**TASK DATA**

(* Let $L$ be a finite lattice, $\varphi\in M_1(L)$, and let $G$ be a tree whose vertex set is a nonempty subset of $L$. Then $\varphi(G)\le B_\varphi(\langle G\rangle^* )$, where $$\varphi(G)=\sum_{a\in G}\varphi(a)-\sum_{\{a,b\}\in E(G)}\varphi(a\vee b).$$
   Context: $L$ is a finite lattice with join $\vee$ and meet $\wedge$. A tree is a connected acyclic graph; $G$ also denotes its vertex set and $E(G)$ its edge set (unordered pairs of vertices). For $A\subseteq L$, $\langle A\rangle^*=\{x\in L: x\ge a\text{ for some }a\in A\}$. $\mathcal L$ is the set of nonempty up-sets of $L$, ordered by $U\preceq V$ iff $U\supseteq V$ (meet = union). $M_1(L)$ is the set of nonnegative monotone functions on $L$; $M_\infty(\mathcal L)$ is the set of nonnegative completely monotone functions on $(\mathcal L,\preceq)$ (all iterated differences $\nabla_{U}\Phi(W)=\Phi(W)-\Phi(W\wedge U)$ nonnegative). For $\varphi\in M_1(L)$ and $U\in\mathcal L$, $B_\varphi(U)=\min\{\Phi(U):\Phi\in M_\infty(\mathcal L),\ \Phi(\langle x\rangle^* )=\varphi(x)\ \forall x\in L\}$. *)

theory Defs
  imports Complex_Main
begin

definition up_closure :: "'a::order set \<Rightarrow> 'a set" where
  "up_closure A = {x. \<exists>a\<in>A. a \<le> x}"

text \<open>Nonempty up-sets of L (the carrier of the lattice \<open>\<L>\<close>, ordered by reverse inclusion).\<close>
definition upsets :: "'a::order set set" where
  "upsets = {U. U \<noteq> {} \<and> (\<forall>x y. x \<in> U \<and> x \<le> y \<longrightarrow> y \<in> U)}"

definition M1 :: "('a::order \<Rightarrow> real) set" where
  "M1 = {\<phi>. mono \<phi> \<and> (\<forall>x. 0 \<le> \<phi> x)}"

text \<open>Iterated differences: nabla [U1,...,Uk] \<Phi> W = \<nabla>_{U1} ... \<nabla>_{Uk} \<Phi>(W),
  with \<nabla>_U \<Phi>(W) = \<Phi>(W) - \<Phi>(W \<and> U) and meet in \<L> being union.\<close>
fun nabla :: "'a set list \<Rightarrow> ('a set \<Rightarrow> real) \<Rightarrow> 'a set \<Rightarrow> real" where
  "nabla [] \<Phi> W = \<Phi> W"
| "nabla (U # Us) \<Phi> W = nabla Us \<Phi> W - nabla Us \<Phi> (W \<union> U)"

text \<open>M_\<infinity>(\<L>): nonnegative completely monotone functions on \<L>
  (only their values on \<L> matter).\<close>
definition Minf :: "('a::order set \<Rightarrow> real) set" where
  "Minf = {\<Phi>. \<forall>Us W. set Us \<subseteq> upsets \<and> W \<in> upsets \<longrightarrow> 0 \<le> nabla Us \<Phi> W}"

text \<open>B_\<phi>(U) = min of \<Phi>(U) over completely monotone extensions of \<phi>;
  rendered as the infimum (which is the minimum when attained).\<close>
definition B :: "('a::order \<Rightarrow> real) \<Rightarrow> 'a set \<Rightarrow> real" where
  "B \<phi> U = Inf {\<Phi> U | \<Phi>. \<Phi> \<in> Minf \<and> (\<forall>x. \<Phi> (up_closure {x}) = \<phi> x)}"

definition simple_graph :: "'a set \<Rightarrow> 'a set set \<Rightarrow> bool" where
  "simple_graph V E \<longleftrightarrow> finite V \<and> (\<forall>e\<in>E. \<exists>a b. a \<in> V \<and> b \<in> V \<and> a \<noteq> b \<and> e = {a, b})"

definition adj :: "'a set set \<Rightarrow> 'a \<Rightarrow> 'a \<Rightarrow> bool" where
  "adj E a b \<longleftrightarrow> {a, b} \<in> E"

definition connected_graph :: "'a set \<Rightarrow> 'a set set \<Rightarrow> bool" where
  "connected_graph V E \<longleftrightarrow> (\<forall>a\<in>V. \<forall>b\<in>V. (adj E)\<^sup>*\<^sup>* a b)"

definition is_cycle :: "'a set set \<Rightarrow> 'a list \<Rightarrow> bool" where
  "is_cycle E vs \<longleftrightarrow> length vs \<ge> 3 \<and> distinct vs
     \<and> (\<forall>i. Suc i < length vs \<longrightarrow> adj E (vs ! i) (vs ! Suc i))
     \<and> adj E (last vs) (hd vs)"

definition acyclic_graph :: "'a set set \<Rightarrow> bool" where
  "acyclic_graph E \<longleftrightarrow> \<not> (\<exists>vs. is_cycle E vs)"

definition is_tree :: "'a set \<Rightarrow> 'a set set \<Rightarrow> bool" where
  "is_tree V E \<longleftrightarrow> simple_graph V E \<and> connected_graph V E \<and> acyclic_graph E"

text \<open>\<phi>(G) = \<Sum>_{a\<in>G} \<phi>(a) - \<Sum>_{{a,b}\<in>E(G)} \<phi>(a \<squnion> b); for e = {a,b}, Sup_fin e = a \<squnion> b.\<close>
definition phiG :: "('a::lattice \<Rightarrow> real) \<Rightarrow> 'a set \<Rightarrow> 'a set set \<Rightarrow> real" where
  "phiG \<phi> V E = (\<Sum>a\<in>V. \<phi> a) - (\<Sum>e\<in>E. \<phi> (Sup_fin e))"

end

theory Submission
  imports Defs
begin

text \<open>Grow a spanning tree of \<open>G\<close> from a single vertex, one leaf at a time. Adding the leaf \<open>b\<close>
  along the edge \<open>{a, b}\<close> changes \<open>\<phi>(S)\<close> by \<open>\<phi>(b) - \<phi>(a \<squnion> b)\<close>, while for every completely
  monotone extension \<open>\<Phi>\<close> of \<open>\<phi>\<close> supermodularity and monotonicity of \<open>\<Phi>\<close> give
  \<open>\<Phi>(\<langle>S\<rangle>\<^sup>*) + \<phi>(b) \<le> \<Phi>(\<langle>S \<union> {b}\<rangle>\<^sup>*) + \<Phi>(\<langle>S\<rangle>\<^sup>* \<inter> \<langle>b\<rangle>\<^sup>*) \<le> \<Phi>(\<langle>S \<union> {b}\<rangle>\<^sup>*) + \<phi>(a \<squnion> b)\<close>.
  Hence \<open>\<phi>(G) \<le> \<Phi>(\<langle>G\<rangle>\<^sup>*)\<close> for every such \<open>\<Phi>\<close>, and \<open>\<Phi>(W) = min (max \<phi>) (min \<phi> on W)\<close> shows
  that such extensions exist, so the infimum \<open>B\<^sub>\<phi>\<close> is bounded below as well.\<close>

lemma up_closure_in_upsets: "A \<noteq> {} \<Longrightarrow> up_closure A \<in> upsets"
  unfolding up_closure_def upsets_def by (auto intro: order_trans)

lemma upsets_Int: "U \<in> upsets \<Longrightarrow> W \<in> upsets \<Longrightarrow> U \<inter> W \<noteq> {} \<Longrightarrow> U \<inter> W \<in> upsets"
  unfolding upsets_def by blast

lemma up_closure_insert: "up_closure (insert b S) = up_closure S \<union> up_closure {b}"
  unfolding up_closure_def by auto

lemma Minf_antimono:
  assumes "\<Phi> \<in> Minf" "X \<in> upsets" "Y \<in> upsets" "Y \<subseteq> X"
  shows "\<Phi> X \<le> \<Phi> Y"
proof -
  have "set [X] \<subseteq> upsets" using assms(2) by simp
  then have "0 \<le> nabla [X] \<Phi> Y" using assms(1,3) unfolding Minf_def by blast
  moreover have "nabla [X] \<Phi> Y = \<Phi> Y - \<Phi> X" using \<open>Y \<subseteq> X\<close> by (simp add: Un_absorb1)
  ultimately show ?thesis by simp
qed

lemma Minf_supermodular:
  assumes "\<Phi> \<in> Minf" "U \<in> upsets" "W \<in> upsets" "U \<inter> W \<in> upsets"
  shows "\<Phi> U + \<Phi> W \<le> \<Phi> (U \<union> W) + \<Phi> (U \<inter> W)"
proof -
  have "set [U, W] \<subseteq> upsets" using assms(2,3) by simp
  then have "0 \<le> nabla [U, W] \<Phi> (U \<inter> W)" using assms(1,4) unfolding Minf_def by blast
  moreover have "U \<inter> W \<union> W = W" "U \<inter> W \<union> U = U" "U \<inter> W \<union> U \<union> W = U \<union> W" by auto
  then have "nabla [U, W] \<Phi> (U \<inter> W) = (\<Phi> (U \<inter> W) - \<Phi> W) - (\<Phi> U - \<Phi> (U \<union> W))"
    by (simp only: nabla.simps)
  ultimately show ?thesis by simp
qed

lemma nabla_min_hom:
  assumes min_hom: "\<And>W U. \<Phi> (W \<union> U) = min (\<Phi> W) (\<Phi> U)"
  shows "nabla Us \<Phi> W = (if Us = [] then \<Phi> W else max 0 (\<Phi> W - Max (\<Phi> ` set Us)))"
proof (induction Us arbitrary: W)
  case Nil
  then show ?case by simp
next
  case (Cons U Us)
  show ?case
  proof (cases "Us = []")
    case True
    then show ?thesis using min_hom[of W U] by (simp add: max_def min_def)
  next
    case False
    define m where "m = Max (\<Phi> ` set Us)"
    have "nabla Us \<Phi> W = max 0 (\<Phi> W - m)"
      and "nabla Us \<Phi> (W \<union> U) = max 0 (min (\<Phi> W) (\<Phi> U) - m)"
      and "Max (\<Phi> ` set (U # Us)) = max (\<Phi> U) m"
      using Cons False min_hom by (simp_all add: m_def)
    then show ?thesis by (simp add: max_def min_def)
  qed
qed

text \<open>The cap \<open>M\<close> keeps \<open>Min\<close> away from the empty set, so that \<open>\<Phi>\<close> turns every union into a minimum.\<close>
lemma M1_has_Minf_extension:
  fixes \<phi> :: "'a::{finite, order} \<Rightarrow> real"
  assumes "\<phi> \<in> M1"
  shows "\<exists>\<Phi>. \<Phi> \<in> Minf \<and> (\<forall>x. \<Phi> (up_closure {x}) = \<phi> x)"
proof -
  have mono: "mono \<phi>" and nonneg: "\<And>x. 0 \<le> \<phi> x" using assms by (auto simp: M1_def)
  define M where "M = Max (range \<phi>)"
  have le_M: "\<phi> x \<le> M" for x unfolding M_def by (rule Max_ge) auto
  define \<Phi> where "\<Phi> W = Min (insert M (\<phi> ` W))" for W
  have min_hom: "\<Phi> (W \<union> U) = min (\<Phi> W) (\<Phi> U)" for W U
  proof -
    have "insert M (\<phi> ` (W \<union> U)) = insert M (\<phi> ` W) \<union> insert M (\<phi> ` U)" by auto
    moreover have "Min (insert M (\<phi> ` W) \<union> insert M (\<phi> ` U))
        = min (Min (insert M (\<phi> ` W))) (Min (insert M (\<phi> ` U)))"
      by (rule Min_Un) auto
    ultimately show ?thesis unfolding \<Phi>_def by simp
  qed
  have Phi_nonneg: "0 \<le> \<Phi> W" for W
    unfolding \<Phi>_def using nonneg le_M[of undefined] by (auto intro: order_trans)
  have "0 \<le> nabla Us \<Phi> W" for Us W
    using nabla_min_hom[of \<Phi>, OF min_hom, of Us W] Phi_nonneg[of W] by simp
  then have "\<Phi> \<in> Minf" unfolding Minf_def by blast
  moreover have "\<Phi> (up_closure {x}) = \<phi> x" for x
  proof -
    have "Min (insert M (\<phi> ` {y. x \<le> y})) = \<phi> x"
      by (rule Min_eqI) (auto simp: le_M intro: monoD[OF mono])
    then show ?thesis unfolding \<Phi>_def up_closure_def by simp
  qed
  ultimately show ?thesis by blast
qed

lemma le_B_if_le_Minf_extensions:
  fixes \<phi> :: "'a::{finite, order} \<Rightarrow> real"
  assumes "\<phi> \<in> M1"
    and "\<And>\<Phi>. \<Phi> \<in> Minf \<Longrightarrow> \<forall>x. \<Phi> (up_closure {x}) = \<phi> x \<Longrightarrow> c \<le> \<Phi> U"
  shows "c \<le> B \<phi> U"
  unfolding B_def
proof (rule cInf_greatest)
  show "{\<Phi> U |\<Phi>. \<Phi> \<in> Minf \<and> (\<forall>x. \<Phi> (up_closure {x}) = \<phi> x)} \<noteq> {}"
    using M1_has_Minf_extension[OF assms(1)] by blast
qed (use assms(2) in blast)

lemma Minf_extension_add_leaf:
  fixes a b :: "'a::lattice"
  assumes "\<Phi> \<in> Minf" "\<forall>x. \<Phi> (up_closure {x}) = \<phi> x" "a \<in> S"
  shows "\<Phi> (up_closure S) + \<phi> b \<le> \<Phi> (up_closure (insert b S)) + \<phi> (sup a b)"
proof -
  let ?U = "up_closure S" and ?W = "up_closure {b}"
  have sup_in: "up_closure {sup a b} \<subseteq> ?U \<inter> ?W"
  proof
    fix x assume "x \<in> up_closure {sup a b}"
    then have "a \<le> x" "b \<le> x" by (simp_all add: up_closure_def)
    then show "x \<in> ?U \<inter> ?W" using \<open>a \<in> S\<close> unfolding up_closure_def by blast
  qed
  have "sup a b \<in> up_closure {sup a b}" by (simp add: up_closure_def)
  then have "?U \<inter> ?W \<noteq> {}" using sup_in by blast
  have U: "?U \<in> upsets" and W: "?W \<in> upsets"
    using \<open>a \<in> S\<close> by (auto intro: up_closure_in_upsets)
  moreover have UW: "?U \<inter> ?W \<in> upsets"
    using upsets_Int[OF U W \<open>?U \<inter> ?W \<noteq> {}\<close>] .
  ultimately have "\<Phi> ?U + \<Phi> ?W \<le> \<Phi> (?U \<union> ?W) + \<Phi> (?U \<inter> ?W)"
    by (rule Minf_supermodular[OF assms(1)])
  moreover have "\<Phi> (?U \<inter> ?W) \<le> \<Phi> (up_closure {sup a b})"
    using Minf_antimono[OF assms(1) UW up_closure_in_upsets sup_in] by simp
  ultimately show ?thesis using assms(2) up_closure_insert[of b S] by simp
qed

lemma phiG_add_leaf:
  fixes a b :: "'a::lattice"
  assumes "finite S" "finite F" "b \<notin> S" "\<forall>e\<in>F. e \<subseteq> S"
  shows "phiG \<phi> (insert b S) (insert {a, b} F) = phiG \<phi> S F + \<phi> b - \<phi> (sup a b)"
proof -
  have "{a, b} \<notin> F" using assms(3,4) by auto
  then show ?thesis using assms(1-3) unfolding phiG_def by simp
qed

lemma phiG_antimono_edges:
  assumes "\<phi> \<in> M1" "finite E" "F \<subseteq> E"
  shows "phiG \<phi> V E \<le> phiG \<phi> V F"
proof -
  have "(\<Sum>e\<in>F. \<phi> (Sup_fin e)) \<le> (\<Sum>e\<in>E. \<phi> (Sup_fin e))"
    using assms by (intro sum_mono2) (auto simp: M1_def)
  then show ?thesis unfolding phiG_def by simp
qed

lemma simple_graph_finite_edges: "simple_graph V E \<Longrightarrow> finite E"
  unfolding simple_graph_def by (auto intro: finite_subset[of _ "Pow V"])

lemma connected_graph_leaving_edge:
  assumes "simple_graph V E" "connected_graph V E" "x \<in> S" "S \<subseteq> V" "S \<noteq> V"
  obtains a b where "{a, b} \<in> E" "a \<in> S" "b \<in> V - S"
proof -
  obtain z where z: "z \<in> V" "z \<notin> S" using assms(4,5) by blast
  have "(adj E)\<^sup>*\<^sup>* x z" using assms(2-4) z(1) unfolding connected_graph_def by blast
  then obtain a b where ab: "{a, b} \<in> E" "a \<in> S" "b \<notin> S"
    using \<open>x \<in> S\<close> \<open>z \<notin> S\<close> by (induction rule: rtranclp_induct) (auto simp: adj_def)
  moreover have "b \<in> V"
    using ab(1) assms(1) unfolding simple_graph_def by (auto simp: doubleton_eq_iff)
  ultimately show thesis using that by blast
qed

lemma connected_graph_spanning_bound:
  assumes "\<Phi> \<in> Minf" "\<forall>x. \<Phi> (up_closure {x}) = \<phi> x"
    and G: "simple_graph V E" "connected_graph V E"
    and "S \<subseteq> V" "S \<noteq> {}" "F \<subseteq> E" "\<forall>e\<in>F. e \<subseteq> S" "phiG \<phi> S F \<le> \<Phi> (up_closure S)"
  shows "\<exists>F\<subseteq>E. phiG \<phi> V F \<le> \<Phi> (up_closure V)"
  using assms(5-)
proof (induction "card (V - S)" arbitrary: S F rule: less_induct)
  case less
  show ?case
  proof (cases "S = V")
    case True
    then show ?thesis using less.prems by blast
  next
    case False
    obtain x where "x \<in> S" using less.prems(2) by blast
    with G obtain a b where ab: "{a, b} \<in> E" "a \<in> S" "b \<in> V - S"
      using less.prems(1) False by (rule connected_graph_leaving_edge)
    have fin: "finite V" "finite E"
      using G(1) simple_graph_finite_edges by (auto simp: simple_graph_def)
    have "phiG \<phi> (insert b S) (insert {a, b} F) = phiG \<phi> S F + \<phi> b - \<phi> (sup a b)"
      using ab less.prems fin by (intro phiG_add_leaf) (auto intro: finite_subset)
    also have "\<dots> \<le> \<Phi> (up_closure (insert b S))"
      using Minf_extension_add_leaf[OF assms(1,2) ab(2), of b] less.prems(5) by linarith
    finally have "phiG \<phi> (insert b S) (insert {a, b} F) \<le> \<Phi> (up_closure (insert b S))" .
    moreover have "card (V - insert b S) < card (V - S)"
      using ab(3) fin(1) by (intro psubset_card_mono) auto
    ultimately show ?thesis
      using less.hyps[of "insert b S" "insert {a, b} F"] less.prems ab by auto
  qed
qed

theorem lemma3p9:
  fixes \<phi> :: "'a::{finite, lattice} \<Rightarrow> real"
    and V :: "'a set" and E :: "'a set set"
  assumes "\<phi> \<in> M1"
    and "V \<noteq> {}"
    and "is_tree V E"
  shows "phiG \<phi> V E \<le> B \<phi> (up_closure V)"
proof (rule le_B_if_le_Minf_extensions[OF assms(1)])
  fix \<Phi> assume \<Phi>: "\<Phi> \<in> Minf" "\<forall>x. \<Phi> (up_closure {x}) = \<phi> x"
  obtain r where r: "r \<in> V" using assms(2) by blast
  have G: "simple_graph V E" "connected_graph V E" using assms(3) by (auto simp: is_tree_def)
  have "phiG \<phi> {r} {} \<le> \<Phi> (up_closure {r})" using \<Phi>(2) by (simp add: phiG_def)
  then obtain F where "F \<subseteq> E" "phiG \<phi> V F \<le> \<Phi> (up_closure V)"
    using connected_graph_spanning_bound[OF \<Phi> G, of "{r}" "{}"] r by auto
  moreover have "phiG \<phi> V E \<le> phiG \<phi> V F"
    using phiG_antimono_edges[OF assms(1) simple_graph_finite_edges[OF G(1)] \<open>F \<subseteq> E\<close>] .
  ultimately show "phiG \<phi> V E \<le> \<Phi> (up_closure V)" by linarith
qed

end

**WORK ORDER**
What you give back should be only the lines of the records above, starting at the line with "U + \<Phi> W" and ending at the line with "assms(2,3) by simp", restated word for word.

**SOLUTION**
  shows "\<Phi> U + \<Phi> W \<le> \<Phi> (U \<union> W) + \<Phi> (U \<inter> W)"
proof -
  have "set [U, W] \<subseteq> upsets" using assms(2,3) by simp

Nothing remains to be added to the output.